◆ **EXERCISE PROMPT**:
The expected output is a verbatim reprint of the lines from the beginning of the data that follows through the line that contains "define P where".

(Collected data)
abbreviation words :: "(nat \<Rightarrow> nat) \<Rightarrow> 'a \<Rightarrow> nat \<Rightarrow> real list"
  where "words l \<omega> \<equiv> \<lambda>j. map (\<lambda>i. X j i \<omega>) [0..<l j]"

definition expected_score :: "(real list \<Rightarrow> real) \<Rightarrow> (nat \<Rightarrow> nat) \<Rightarrow> real"
  where "expected_score S l = expectation (\<lambda>\<omega>. opt_score S m (words l \<omega>))"

\<comment> \<open>Reading the letters from other (distinct) positions does not change the law of the score.\<close>
lemma expected_score_reindex:
  fixes \<tau> :: "nat \<times> nat \<Rightarrow> nat \<times> nat"
  assumes inj: "inj_on \<tau> (SIGMA j:{..<m}. {..<l j})" and \<tau>: "\<tau> ` (SIGMA j:{..<m}. {..<l j}) \<subseteq> {..<m} \<times> UNIV"
  shows "integrable M (\<lambda>\<omega>. opt_score S m (\<lambda>j. map (\<lambda>i. X (fst (\<tau> (j, i))) (snd (\<tau> (j, i))) \<omega>) [0..<l j]))"
    and "expectation (\<lambda>\<omega>. opt_score S m (\<lambda>j. map (\<lambda>i. X (fst (\<tau> (j, i))) (snd (\<tau> (j, i))) \<omega>) [0..<l j]))
      = expected_score S l"
proof -
  define P where "P = (SIGMA j:{..<m}. {..<l j})"
  define g where "g a = opt_score S m (\<lambda>j. map (\<lambda>i. a (j, i)) [0..<l j])" for a :: "nat \<times> nat \<Rightarrow> real"
  have P: "finite P" unfolding P_def by auto
  have read: "opt_score S m (\<lambda>j. map (\<lambda>i. X (fst (\<sigma> (j, i))) (snd (\<sigma> (j, i))) \<omega>) [0..<l j])
      = g (\<lambda>p\<in>P. X (fst (\<sigma> p)) (snd (\<sigma> p)) \<omega>)" for \<sigma> :: "nat \<times> nat \<Rightarrow> nat \<times> nat" and \<omega>
    unfolding g_def by (rule opt_score_cong) (auto simp: P_def)
  show "integrable M (\<lambda>\<omega>. opt_score S m (\<lambda>j. map (\<lambda>i. X (fst (\<tau> (j, i))) (snd (\<tau> (j, i))) \<omega>) [0..<l j]))"
    unfolding read using integral_fun_letters(1)[OF P inj[folded P_def] \<tau>[folded P_def]] .
  have "expectation (\<lambda>\<omega>. opt_score S m (\<lambda>j. map (\<lambda>i. X (fst (\<tau> (j, i))) (snd (\<tau> (j, i))) \<omega>) [0..<l j]))
      = (\<Sum>a\<in>PiE P (\<lambda>_. A). g a * (\<Prod>p\<in>P. letter_prob (a p)))"
    unfolding read using integral_fun_letters(2)[OF P inj[folded P_def] \<tau>[folded P_def]] .
  also have "\<dots> = expected_score S l"
  proof -
    have "inj_on id P" "id ` P \<subseteq> {..<m} \<times> UNIV" unfolding P_def by auto
    then show ?thesis
      using integral_fun_letters(2)[OF P, of id g] read[of id] by (simp add: expected_score_def)
  qed
  finally show "expectation (\<lambda>\<omega>. opt_score S m (\<lambda>j. map (\<lambda>i. X (fst (\<tau> (j, i))) (snd (\<tau> (j, i))) \<omega>) [0..<l j]))
      = expected_score S l" .
qed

◆ **REPLY**:
abbreviation words :: "(nat \<Rightarrow> nat) \<Rightarrow> 'a \<Rightarrow> nat \<Rightarrow> real list"
  where "words l \<omega> \<equiv> \<lambda>j. map (\<lambda>i. X j i \<omega>) [0..<l j]"

definition expected_score :: "(real list \<Rightarrow> real) \<Rightarrow> (nat \<Rightarrow> nat) \<Rightarrow> real"
  where "expected_score S l = expectation (\<lambda>\<omega>. opt_score S m (words l \<omega>))"

\<comment> \<open>Reading the letters from other (distinct) positions does not change the law of the score.\<close>
lemma expected_score_reindex:
  fixes \<tau> :: "nat \<times> nat \<Rightarrow> nat \<times> nat"
  assumes inj: "inj_on \<tau> (SIGMA j:{..<m}. {..<l j})" and \<tau>: "\<tau> ` (SIGMA j:{..<m}. {..<l j}) \<subseteq> {..<m} \<times> UNIV"
  shows "integrable M (\<lambda>\<omega>. opt_score S m (\<lambda>j. map (\<lambda>i. X (fst (\<tau> (j, i))) (snd (\<tau> (j, i))) \<omega>) [0..<l j]))"
    and "expectation (\<lambda>\<omega>. opt_score S m (\<lambda>j. map (\<lambda>i. X (fst (\<tau> (j, i))) (snd (\<tau> (j, i))) \<omega>) [0..<l j]))
      = expected_score S l"
proof -
  define P where "P = (SIGMA j:{..<m}. {..<l j})"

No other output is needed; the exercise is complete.